### Your instructions
Among the entries that follow, find the lines containing the string "glued" and copy them.

### Material shown
----

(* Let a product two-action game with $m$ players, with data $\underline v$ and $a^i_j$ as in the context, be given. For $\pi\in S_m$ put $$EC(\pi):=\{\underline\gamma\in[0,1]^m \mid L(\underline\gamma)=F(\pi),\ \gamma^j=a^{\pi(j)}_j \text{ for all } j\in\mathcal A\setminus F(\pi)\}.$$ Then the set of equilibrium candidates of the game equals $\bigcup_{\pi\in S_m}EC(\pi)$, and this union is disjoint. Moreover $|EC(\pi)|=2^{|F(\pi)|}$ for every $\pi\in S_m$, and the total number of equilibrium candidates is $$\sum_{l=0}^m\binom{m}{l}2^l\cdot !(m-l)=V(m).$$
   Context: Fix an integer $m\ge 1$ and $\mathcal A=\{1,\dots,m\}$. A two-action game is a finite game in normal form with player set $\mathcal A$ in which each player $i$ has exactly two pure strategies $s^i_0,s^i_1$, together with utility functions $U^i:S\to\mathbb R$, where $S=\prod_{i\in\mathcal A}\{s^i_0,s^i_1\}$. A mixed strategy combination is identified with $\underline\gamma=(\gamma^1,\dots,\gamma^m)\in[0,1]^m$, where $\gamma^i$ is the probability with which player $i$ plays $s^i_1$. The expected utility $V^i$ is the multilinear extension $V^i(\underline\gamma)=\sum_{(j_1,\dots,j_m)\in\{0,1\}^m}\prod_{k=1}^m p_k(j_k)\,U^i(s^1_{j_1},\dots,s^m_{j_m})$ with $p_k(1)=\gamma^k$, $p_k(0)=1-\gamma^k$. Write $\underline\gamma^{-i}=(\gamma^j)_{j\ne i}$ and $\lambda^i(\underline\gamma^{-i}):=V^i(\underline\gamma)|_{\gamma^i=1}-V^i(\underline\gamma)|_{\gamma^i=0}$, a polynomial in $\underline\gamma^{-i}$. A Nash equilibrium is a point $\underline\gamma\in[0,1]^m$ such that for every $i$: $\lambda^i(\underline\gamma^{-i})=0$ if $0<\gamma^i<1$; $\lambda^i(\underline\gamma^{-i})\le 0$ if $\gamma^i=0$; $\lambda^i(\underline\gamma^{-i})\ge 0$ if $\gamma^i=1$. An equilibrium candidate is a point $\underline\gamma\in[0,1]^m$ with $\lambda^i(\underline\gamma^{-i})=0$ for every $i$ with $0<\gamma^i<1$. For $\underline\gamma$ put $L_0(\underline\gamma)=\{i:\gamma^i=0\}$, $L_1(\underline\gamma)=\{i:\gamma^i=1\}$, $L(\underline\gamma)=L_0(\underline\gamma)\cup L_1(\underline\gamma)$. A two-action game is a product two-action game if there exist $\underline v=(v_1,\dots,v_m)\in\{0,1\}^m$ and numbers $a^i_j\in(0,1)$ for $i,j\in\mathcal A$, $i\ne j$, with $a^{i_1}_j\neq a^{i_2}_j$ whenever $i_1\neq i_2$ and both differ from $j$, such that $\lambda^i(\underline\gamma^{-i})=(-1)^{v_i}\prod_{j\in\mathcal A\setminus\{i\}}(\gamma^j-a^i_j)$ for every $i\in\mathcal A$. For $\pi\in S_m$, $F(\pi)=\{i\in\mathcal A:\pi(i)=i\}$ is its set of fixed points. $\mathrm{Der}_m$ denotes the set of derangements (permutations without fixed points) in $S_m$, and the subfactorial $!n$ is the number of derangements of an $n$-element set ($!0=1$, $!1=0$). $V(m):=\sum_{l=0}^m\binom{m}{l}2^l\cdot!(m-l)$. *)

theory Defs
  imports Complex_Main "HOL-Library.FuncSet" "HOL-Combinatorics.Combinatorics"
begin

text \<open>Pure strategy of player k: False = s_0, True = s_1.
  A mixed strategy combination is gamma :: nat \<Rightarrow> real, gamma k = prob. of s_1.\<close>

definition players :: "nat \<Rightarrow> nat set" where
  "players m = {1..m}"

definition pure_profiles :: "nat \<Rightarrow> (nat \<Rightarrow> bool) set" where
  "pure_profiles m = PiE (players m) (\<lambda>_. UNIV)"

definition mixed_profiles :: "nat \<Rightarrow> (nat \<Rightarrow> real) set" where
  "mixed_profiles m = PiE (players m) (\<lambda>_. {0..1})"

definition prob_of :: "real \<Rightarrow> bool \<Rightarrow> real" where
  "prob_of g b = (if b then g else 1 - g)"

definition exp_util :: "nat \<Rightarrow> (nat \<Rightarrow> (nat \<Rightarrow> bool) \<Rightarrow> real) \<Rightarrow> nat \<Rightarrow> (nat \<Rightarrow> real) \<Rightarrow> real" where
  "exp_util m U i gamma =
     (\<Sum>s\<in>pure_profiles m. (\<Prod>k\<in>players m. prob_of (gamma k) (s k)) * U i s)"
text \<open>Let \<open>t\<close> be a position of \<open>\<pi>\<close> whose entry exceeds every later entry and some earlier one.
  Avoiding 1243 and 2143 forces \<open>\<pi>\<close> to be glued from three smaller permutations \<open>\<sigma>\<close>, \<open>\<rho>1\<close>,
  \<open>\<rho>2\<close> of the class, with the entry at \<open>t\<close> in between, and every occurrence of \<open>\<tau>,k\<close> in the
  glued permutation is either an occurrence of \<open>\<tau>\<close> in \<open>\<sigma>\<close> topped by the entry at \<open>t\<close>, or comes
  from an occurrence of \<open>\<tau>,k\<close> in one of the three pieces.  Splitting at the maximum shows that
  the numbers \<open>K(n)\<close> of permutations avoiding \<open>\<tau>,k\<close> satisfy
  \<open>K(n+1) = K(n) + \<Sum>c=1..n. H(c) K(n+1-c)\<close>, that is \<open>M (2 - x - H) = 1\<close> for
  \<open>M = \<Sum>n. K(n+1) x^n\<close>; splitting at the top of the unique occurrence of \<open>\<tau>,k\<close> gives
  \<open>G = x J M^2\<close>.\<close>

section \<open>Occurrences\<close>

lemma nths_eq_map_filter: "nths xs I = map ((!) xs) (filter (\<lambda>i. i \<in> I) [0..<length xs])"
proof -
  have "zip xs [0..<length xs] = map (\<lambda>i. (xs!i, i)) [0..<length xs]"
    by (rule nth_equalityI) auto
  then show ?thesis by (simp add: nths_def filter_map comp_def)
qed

----

### Response to this exercise
  Avoiding 1243 and 2143 forces \<open>\<pi>\<close> to be glued from three smaller permutations \<open>\<sigma>\<close>, \<open>\<rho>1\<close>,
  glued permutation is either an occurrence of \<open>\<tau>\<close> in \<open>\<sigma>\<close> topped by the entry at \<open>t\<close>, or comes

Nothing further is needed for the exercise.